-- Saved data entries --
§ §
lemma alg_iso_rotate:
  fixes n :: nat and q :: "nat \<Rightarrow> 'k::field"
  defines "p \<equiv> \<lambda>i. q (pred_mod n i)"
  shows "\<exists>f. alg_iso n q p f \<and>
    (\<forall>i<n. f (cls n q (ee i)) = cls n p (ee (succ_mod n i))
       \<and> f (cls n q (aa i)) = cls n p (aa (succ_mod n i))
       \<and> f (cls n q (ast i)) = cls n p (ast (succ_mod n i)))"
proof -
  interpret path_automorphism n "succ_mod n" "shift_arr (succ_mod n)" "pred_mod n" "shift_arr (pred_mod n)"
      "\<lambda>_. 1 :: 'k"
    by (rule path_automorphism_rotate)
  have generators: "\<Phi> (ee i) = ee (succ_mod n i)" "\<Phi> (aa i) = aa (succ_mod n i)"
      "\<Phi> (ast i) = ast (succ_mod n i)" if "i < n" for i
    using that Phi_pth by (simp_all add: ee_def aa_def ast_def)
  have relations: "\<Phi> (qrel n q i) = smult 1 (qrel n p (succ_mod n i))" if "i < n" for i
    using that pred_mod_less[OF that]
    by (simp add: Phi_qrel generators) (simp add: qrel_def p_def pred_mod_succ_mod succ_mod_pred_mod)
  have onto: "succ_mod n ` {..<n} = {..<n}"
    using succ_mod_less pred_mod_less succ_mod_pred_mod by (rule lessThan_image_eq)
  show ?thesis
    by (rule induces_alg_iso_on_generators[OF relations generators onto]) simp_all
qed

lemma alg_iso_reflect:
  fixes n :: nat and q :: "nat \<Rightarrow> 'k::field"
  assumes q: "\<forall>i<n. q i \<noteq> 0"
  defines "p \<equiv> \<lambda>i. inverse (q (neg_mod n i))"
  shows "\<exists>f. alg_iso n q p f \<and>
    (\<forall>i<n. f (cls n q (ee i)) = cls n p (ee (neg_mod n i))
       \<and> f (cls n q (aa i)) = cls n p (ast (neg_succ_mod n i))
       \<and> f (cls n q (ast i)) = cls n p (aa (neg_succ_mod n i)))"
proof -
  interpret path_automorphism n "neg_mod n" "reflect_arr n" "neg_mod n" "reflect_arr n" "\<lambda>_. 1 :: 'k"
    by (rule path_automorphism_reflect)
  have generators: "\<Phi> (ee i) = ee (neg_mod n i)" "\<Phi> (aa i) = ast (neg_succ_mod n i)"
      "\<Phi> (ast i) = aa (neg_succ_mod n i)" if "i < n" for i
    using that Phi_pth by (simp_all add: ee_def aa_def ast_def)
  have relations: "\<Phi> (qrel n q i) = smult (- q i) (qrel n p (neg_mod n i))" if "i < n" for i
    using that q pred_mod_less[OF that]
    by (simp add: Phi_qrel generators neg_succ_mod_pred_mod)
      (simp add: qrel_def p_def smult_def fun_eq_iff field_simps pred_mod_neg_mod neg_mod_neg_mod)
  have onto: "neg_mod n ` {..<n} = {..<n}"
    using neg_mod_less neg_mod_less neg_mod_neg_mod by (rule lessThan_image_eq)
  show ?thesis
    by (rule induces_alg_iso_on_generators[OF relations generators onto]) (use q in simp_all)
qed

theorem lemma2p7:
  fixes n :: nat and q :: "nat \<Rightarrow> 'k::field_char_0"
  assumes "alg_closed TYPE('k)"
    and "n \<ge> 3"
    and "\<forall>i<n. q i \<noteq> 0"
  shows
    "(\<forall>\<alpha> :: nat \<Rightarrow> 'k. (\<forall>i<n. \<alpha> i \<noteq> 0) \<longrightarrow>
        (let p = (\<lambda>i. \<alpha> ((i + n - 1) mod n) / \<alpha> i * q i) in
         \<exists>f. alg_iso n q p f \<and>
           (\<forall>i<n. f (cls n q (ee i)) = cls n p (ee i)
                \<and> f (cls n q (aa i)) = cls n p (smult (\<alpha> i) (aa i))
                \<and> f (cls n q (ast i)) = cls n p (ast i))))
     \<and> (let p = (\<lambda>i. q ((i + n - 1) mod n)) in
         \<exists>f. alg_iso n q p f \<and>
           (\<forall>i<n. f (cls n q (ee i)) = cls n p (ee ((i + 1) mod n))
                \<and> f (cls n q (aa i)) = cls n p (aa ((i + 1) mod n))
                \<and> f (cls n q (ast i)) = cls n p (ast ((i + 1) mod n))))
     \<and> (let p = (\<lambda>i. inverse (q ((n - i) mod n))) in
         \<exists>f. alg_iso n q p f \<and>
           (\<forall>i<n. f (cls n q (ee i)) = cls n p (ee ((n - i) mod n))
                \<and> f (cls n q (aa i)) = cls n p (ast (n - i - 1))
                \<and> f (cls n q (ast i)) = cls n p (aa (n - i - 1))))"
  using alg_iso_rescale[of n _ q] alg_iso_rotate[of n q] alg_iso_reflect[OF assms(3)]
  unfolding Let_def pred_mod_def succ_mod_def neg_mod_def neg_succ_mod_def
  by simp

end
lemma power_series_le_of_small_tail:
  fixes b :: "nat \<Rightarrow> real"
  assumes b_nonneg: "\<And>n. 0 \<le> b n" and b_small: "\<And>n. N \<le> n \<Longrightarrow> b n \<le> \<epsilon>"
    and t: "0 \<le> t" "t < 1" and summable: "summable (\<lambda>n. b n * t ^ n)"
  shows "(\<Sum>n. b n * t ^ n) \<le> (\<Sum>n<N. b n) + \<epsilon> / (1 - t)"
proof -
  have geometric: "(\<lambda>n. \<epsilon> * t ^ n) sums (\<epsilon> / (1 - t))"
    using geometric_sums[of t] t by (simp add: sums_mult divide_inverse)
  have "(\<Sum>n. b (n + N) * t ^ (n + N)) \<le> (\<Sum>n. \<epsilon> * t ^ n)"
  proof (rule suminf_le)
    show "b (n + N) * t ^ (n + N) \<le> \<epsilon> * t ^ n" for n
      using b_nonneg[of "n + N"] b_small[of "n + N"] t
      by (intro mult_mono power_decreasing) auto
    show "summable (\<lambda>n. b (n + N) * t ^ (n + N))"
      using summable_ignore_initial_segment[OF summable, of N] by simp
    show "summable (\<lambda>n. \<epsilon> * t ^ n)"
      using geometric by (rule sums_summable)
  qed
  moreover have "(\<Sum>n<N. b n * t ^ n) \<le> (\<Sum>n<N. b n)"
    using b_nonneg t by (intro sum_mono mult_left_le power_le_one) auto
  ultimately show ?thesis
    using suminf_split_initial_segment[OF summable, of N] sums_unique[OF geometric] by linarith
qed

lemma T_region_closed: "closed T_region"
proof -
  have "T_region = {p. 0 \<le> fst p} \<inter> {p. fst p \<le> 1} \<inter> {p. 0 \<le> snd p} \<inter> {p. snd p \<le> 1}
      \<inter> {p. 1 \<le> fst p + snd p}"
    by (auto simp: T_region_def)
  also have "closed \<dots>"
    by (intro closed_Int closed_Collect_le continuous_intros)
  finally show ?thesis .
qed
(* Let $p$ be an odd prime and fix $\alpha\in(0,\alpha_* )$, where $\alpha_*=(p-1)/p$. There is a constant $C_{p,\alpha}<\infty$ such that, for all sufficiently large $r$, the hitting time $\tau_\alpha=\inf\{t:S_t\ge\alpha r\}$ satisfies \[ \sup_{1\le s\le r}\mathbb E_s\tau_\alpha\le C_{p,\alpha}r\log r. \] Consequently, for a suitable $B_{p,\alpha}<\infty$, $\sup_{1\le s\le r}\mathbb P_s(\tau_\alpha>B_{p,\alpha}r\log r)\le\frac12$.
   Context: Let $(Y_t)$ be the one-column $p$-ary transvection walk on $\mathbb F_p^r\setminus\{0\}$: at each step choose an ordered pair of distinct $i,j\in[r]$ and $a\in\mathbb F_p$ uniformly at random and replace $Y_i$ by $Y_i+aY_j$. Let $S_t=|\{i:Y_t(i)\ne0\}|$; this is a birth–death chain on $\{1,\dots,r\}$ with birth probability $B_s=\frac{p-1}{p}\frac{s(r-s)}{r(r-1)}$ and death probability $D_s=\frac1p\frac{s(s-1)}{r(r-1)}$ from state $s$. $\mathbb E_s,\mathbb P_s$ refer to this chain started at $S_0=s$. *)

theory Defs
  imports "HOL-Probability.Probability"
begin

definition birth :: "nat \<Rightarrow> nat \<Rightarrow> nat \<Rightarrow> real" where
  "birth p r s = ((real p - 1) / real p) * (real s * (real r - real s)) / (real r * (real r - 1))"

definition death :: "nat \<Rightarrow> nat \<Rightarrow> nat \<Rightarrow> real" where
  "death p r s = (1 / real p) * (real s * (real s - 1)) / (real r * (real r - 1))"

text \<open>One step of the birth-death chain: s+1 w.p. birth, s-1 w.p. death, stay otherwise.\<close>

definition step_pmf :: "nat \<Rightarrow> nat \<Rightarrow> nat \<Rightarrow> nat pmf" where
  "step_pmf p r s =
     bind_pmf (bernoulli_pmf (birth p r s)) (\<lambda>b.
       if b then return_pmf (s + 1)
       else bind_pmf (bernoulli_pmf (death p r s / (1 - birth p r s))) (\<lambda>d.
         if d then return_pmf (s - 1) else return_pmf s))"

definition stopped_step :: "nat \<Rightarrow> nat \<Rightarrow> real \<Rightarrow> nat \<Rightarrow> nat pmf" where
  "stopped_step p r \<alpha> s = (if real s \<ge> \<alpha> * real r then return_pmf s else step_pmf p r s)"

fun stopped_dist :: "nat \<Rightarrow> nat \<Rightarrow> real \<Rightarrow> nat \<Rightarrow> nat \<Rightarrow> nat pmf" where
  "stopped_dist p r \<alpha> s 0 = return_pmf s"
| "stopped_dist p r \<alpha> s (Suc t) = bind_pmf (stopped_dist p r \<alpha> s t) (stopped_step p r \<alpha>)"

text \<open>P_s(\<tau>_\<alpha> > t), where \<tau>_\<alpha> = inf{t. S_t \<ge> \<alpha> r}.\<close>

definition tail_prob :: "nat \<Rightarrow> nat \<Rightarrow> real \<Rightarrow> nat \<Rightarrow> nat \<Rightarrow> real" where
  "tail_prob p r \<alpha> s t = measure_pmf.prob (stopped_dist p r \<alpha> s t) {x. real x < \<alpha> * real r}"
definition lie_superalgebra ::
  "('k::field \<Rightarrow> 'g::ab_group_add \<Rightarrow> 'g) \<Rightarrow> 'g set \<Rightarrow> 'g set \<Rightarrow> ('g \<Rightarrow> 'g \<Rightarrow> 'g) \<Rightarrow> bool" where
  "lie_superalgebra sc G0 G1 lb \<longleftrightarrow>
     vector_space sc \<and>
     (\<forall>i. 0 \<in> gr G0 G1 i \<and> (\<forall>x\<in>gr G0 G1 i. \<forall>y\<in>gr G0 G1 i. x + y \<in> gr G0 G1 i) \<and>
          (\<forall>c. \<forall>x\<in>gr G0 G1 i. sc c x \<in> gr G0 G1 i)) \<and>
     G0 \<inter> G1 = {0} \<and> (\<forall>x. \<exists>y\<in>G0. \<exists>z\<in>G1. x = y + z) \<and>
     (\<forall>x y z. lb (x + y) z = lb x z + lb y z) \<and>
     (\<forall>x y z. lb x (y + z) = lb x y + lb x z) \<and>
     (\<forall>c x y. lb (sc c x) y = sc c (lb x y)) \<and>
     (\<forall>c x y. lb x (sc c y) = sc c (lb x y)) \<and>
     (\<forall>i j x y. x \<in> gr G0 G1 i \<longrightarrow> y \<in> gr G0 G1 j \<longrightarrow> lb x y \<in> gr G0 G1 (i \<noteq> j)) \<and>
     (\<forall>i j x y. x \<in> gr G0 G1 i \<longrightarrow> y \<in> gr G0 G1 j \<longrightarrow>
        lb x y = - sc (psign (i \<and> j)) (lb y x)) \<and>
     (\<forall>i j k x y z. x \<in> gr G0 G1 i \<longrightarrow> y \<in> gr G0 G1 j \<longrightarrow> z \<in> gr G0 G1 k \<longrightarrow>
        lb x (lb y z) = lb (lb x y) z + sc (psign (i \<and> j)) (lb y (lb x z)))"

text \<open>An operator of order p (an element of U_{1-p} = Hom(G, U_{2-p})) is represented by its
  fully uncurried form: a function on lists of length p, multilinear; A(x) corresponds to
  the function ys \<mapsto> f (x # ys). Order 0 operators are the elements f [] of G.
  Values on lists of other lengths are irrelevant.
  An element X of U_{1-} = \<Oplus>_p U_{1-p} is a family X :: nat \<Rightarrow> 'g list \<Rightarrow> 'g, where X p is
  its component of order p; only finitely many components are non-zero.\<close>

definition U_elem :: "('k::field \<Rightarrow> 'g::ab_group_add \<Rightarrow> 'g) \<Rightarrow> (nat \<Rightarrow> 'g list \<Rightarrow> 'g) \<Rightarrow> bool" where
  "U_elem sc X \<longleftrightarrow>
     finite {n. \<exists>xs. length xs = n \<and> X n xs \<noteq> 0} \<and>
     (\<forall>n xs k u v. length xs = n \<longrightarrow> k < n \<longrightarrow>
        X n (xs[k := u + v]) = X n (xs[k := u]) + X n (xs[k := v])) \<and>
     (\<forall>n xs k c u. length xs = n \<longrightarrow> k < n \<longrightarrow>
        X n (xs[k := sc c u]) = sc c (X n (xs[k := u])))"

text \<open>Homogeneous of parity a: for homogeneous arguments of parities ps, the value has
  parity a + sum ps.  (Even operators preserve parity, odd ones reverse it.)\<close>
definition U_hom :: "('k::field \<Rightarrow> 'g::ab_group_add \<Rightarrow> 'g) \<Rightarrow> 'g set \<Rightarrow> 'g set \<Rightarrow> bool
    \<Rightarrow> (nat \<Rightarrow> 'g list \<Rightarrow> 'g) \<Rightarrow> bool" where
  "U_hom sc G0 G1 a X \<longleftrightarrow> U_elem sc X \<and>
     (\<forall>n xs ps. length xs = n \<longrightarrow> length ps = n \<longrightarrow> (\<forall>k<n. xs ! k \<in> gr G0 G1 (ps ! k)) \<longrightarrow>
        X n xs \<in> gr G0 G1 (foldr (\<lambda>p acc. p \<noteq> acc) ps a))"
lemma depth_consistent_wn_T:
  assumes "i \<in> {1..n}"
  shows "depth_consistent (wn n) (wn_depth n) (T i)"
proof -
  obtain u s where split: "blocks (\<lambda>i. [Z i, T i]) n = u @ [Z i, T i] @ s"
      and u: "set u = (\<Union>j\<in>{1..<i}. set [Z j, T j])"
      and s: "set s = (\<Union>j\<in>{i<..n}. set [Z j, T j])"
    by (rule blocks_split[OF assms])
  have "wn n = (u @ [Z i]) @ T i # (s @ X # blocks (\<lambda>i. [Z i, Y i n]) n @ X # blocks (layer n) n)"
    by (simp add: wn_eq_blocks split)
  also have "depth_consistent \<dots> (wn_depth n) (T i)"
    by (rule depth_consistent_simple) (use u s in \<open>auto simp: set_layer\<close>)
  finally show ?thesis .
qed

lemma depth_consistent_wn_Z:
  assumes "i \<in> {1..n}"
  shows "depth_consistent (wn n) (wn_depth n) (Z i)"
proof -
  obtain u s where split: "blocks (\<lambda>i. [Z i, T i]) n = u @ [Z i, T i] @ s"
      and u: "set u = (\<Union>j\<in>{1..<i}. set [Z j, T j])"
      and s: "set s = (\<Union>j\<in>{i<..n}. set [Z j, T j])"
    by (rule blocks_split[OF assms])
  obtain u' s' where split': "blocks (\<lambda>i. [Z i, Y i n]) n = u' @ [Z i, Y i n] @ s'"
      and u': "set u' = (\<Union>j\<in>{1..<i}. set [Z j, Y j n])"
      and s': "set s' = (\<Union>j\<in>{i<..n}. set [Z j, Y j n])"
    by (rule blocks_split[OF assms])
  have "wn n = u @ Z i # (T i # s @ X # u') @ Z i # (Y i n # s' @ X # blocks (layer n) n)"
    by (simp add: wn_eq_blocks split split')
  also have "depth_consistent \<dots> (wn_depth n) (Z i)"
    by (rule depth_consistent_twice[where k = 0 and y = "T i"]) (use u s u' s' in \<open>auto simp: set_layer\<close>)
  finally show ?thesis .
qed

lemma depth_consistent_wn_X:
  assumes "1 \<le> n"
  shows "depth_consistent (wn n) (wn_depth n) X"
  unfolding wn_eq_blocks
  by (rule depth_consistent_twice[where k = n and y = "Y 1 n"]) (use assms in \<open>auto simp: set_layer\<close>)

lemma depth_consistent_wn_Y0:
  assumes "i \<in> {1..n}"
  shows "depth_consistent (wn n) (wn_depth n) (Y i 0)"
proof -
  have n: "n \<in> {1..n}"
    using assms by simp
  obtain L1 L2 where split: "blocks (layer n) n = L1 @ layer n n @ L2"
      and L1: "set L1 = (\<Union>j\<in>{1..<n}. set (layer n j))"
      and L2: "set L2 = (\<Union>j\<in>{n<..n}. set (layer n j))"
    by (rule blocks_split[OF n])
  obtain l1 l2 where split': "layer n n = l1 @ [Y i (n - n), Y i (n + 1 - n)] @ l2"
      and l1: "set l1 = (\<Union>i'\<in>{1..<i}. {Y i' (n - n), Y i' (n + 1 - n)})"
      and l2: "set l2 = (\<Union>i'\<in>{i<..n}. {Y i' (n - n), Y i' (n + 1 - n)})"
    by (rule layer_split[OF assms])
  have "wn n = (blocks (\<lambda>i. [Z i, T i]) n @ X # blocks (\<lambda>i. [Z i, Y i n]) n @ X # L1 @ l1) @
      Y i 0 # (Y i 1 # l2 @ L2)"
    by (simp add: wn_eq_blocks split split')
  also have "depth_consistent \<dots> (wn_depth n) (Y i 0)"
    by (rule depth_consistent_simple) (use assms L1 L2 l1 l2 in \<open>auto simp: set_layer\<close>)
  finally show ?thesis .
qed

lemma depth_consistent_wn_Yn:
  assumes "i \<in> {1..n}"
  shows "depth_consistent (wn n) (wn_depth n) (Y i n)"
proof -
  have one: "1 \<in> {1..n}"
    using assms by simp
  obtain M1 M2 where split_mid: "blocks (\<lambda>i. [Z i, Y i n]) n = M1 @ [Z i, Y i n] @ M2"
      and M1: "set M1 = (\<Union>j\<in>{1..<i}. set [Z j, Y j n])"
      and M2: "set M2 = (\<Union>j\<in>{i<..n}. set [Z j, Y j n])"
    by (rule blocks_split[OF assms])
  obtain L1 L2 where split_layers: "blocks (layer n) n = L1 @ layer n 1 @ L2"
      and L1: "set L1 = (\<Union>j\<in>{1..<1}. set (layer n j))"
      and L2: "set L2 = (\<Union>j\<in>{1<..n}. set (layer n j))"
    by (rule blocks_split[OF one])
  obtain l1 l2 where split_layer: "layer n 1 = l1 @ [Y i (n - 1), Y i (n + 1 - 1)] @ l2"
      and l1: "set l1 = (\<Union>i'\<in>{1..<i}. {Y i' (n - 1), Y i' (n + 1 - 1)})"
      and l2: "set l2 = (\<Union>i'\<in>{i<..n}. {Y i' (n - 1), Y i' (n + 1 - 1)})"
    by (rule layer_split[OF assms])
  have "wn n = (blocks (\<lambda>i. [Z i, T i]) n @ X # M1 @ [Z i]) @ Y i n #
      (M2 @ X # L1 @ l1 @ [Y i (n - 1)]) @ Y i n # (l2 @ L2)"
    unfolding wn_eq_blocks split_mid split_layers split_layer by simp
  also have "depth_consistent \<dots> (wn_depth n) (Y i n)"
    by (rule depth_consistent_twice[where k = "n - 1" and y = "Y i (n - 1)"])
      (use assms M1 M2 L1 L2 l1 l2 in \<open>auto simp: set_layer\<close>)
  finally show ?thesis .
qed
§ §
-- What to do --
From the records above, give again exactly the lines running from the line with "n \<Longrightarrow> b" to the line with "ultimately show ?thesis", inclusive.

-- Result for this exercise --
  assumes b_nonneg: "\<And>n. 0 \<le> b n" and b_small: "\<And>n. N \<le> n \<Longrightarrow> b n \<le> \<epsilon>"
    and t: "0 \<le> t" "t < 1" and summable: "summable (\<lambda>n. b n * t ^ n)"
  shows "(\<Sum>n. b n * t ^ n) \<le> (\<Sum>n<N. b n) + \<epsilon> / (1 - t)"
proof -
  have geometric: "(\<lambda>n. \<epsilon> * t ^ n) sums (\<epsilon> / (1 - t))"
    using geometric_sums[of t] t by (simp add: sums_mult divide_inverse)
  have "(\<Sum>n. b (n + N) * t ^ (n + N)) \<le> (\<Sum>n. \<epsilon> * t ^ n)"
  proof (rule suminf_le)
    show "b (n + N) * t ^ (n + N) \<le> \<epsilon> * t ^ n" for n
      using b_nonneg[of "n + N"] b_small[of "n + N"] t
      by (intro mult_mono power_decreasing) auto
    show "summable (\<lambda>n. b (n + N) * t ^ (n + N))"
      using summable_ignore_initial_segment[OF summable, of N] by simp
    show "summable (\<lambda>n. \<epsilon> * t ^ n)"
      using geometric by (rule sums_summable)
  qed
  moreover have "(\<Sum>n<N. b n * t ^ n) \<le> (\<Sum>n<N. b n)"
    using b_nonneg t by (intro sum_mono mult_left_le power_le_one) auto
  ultimately show ?thesis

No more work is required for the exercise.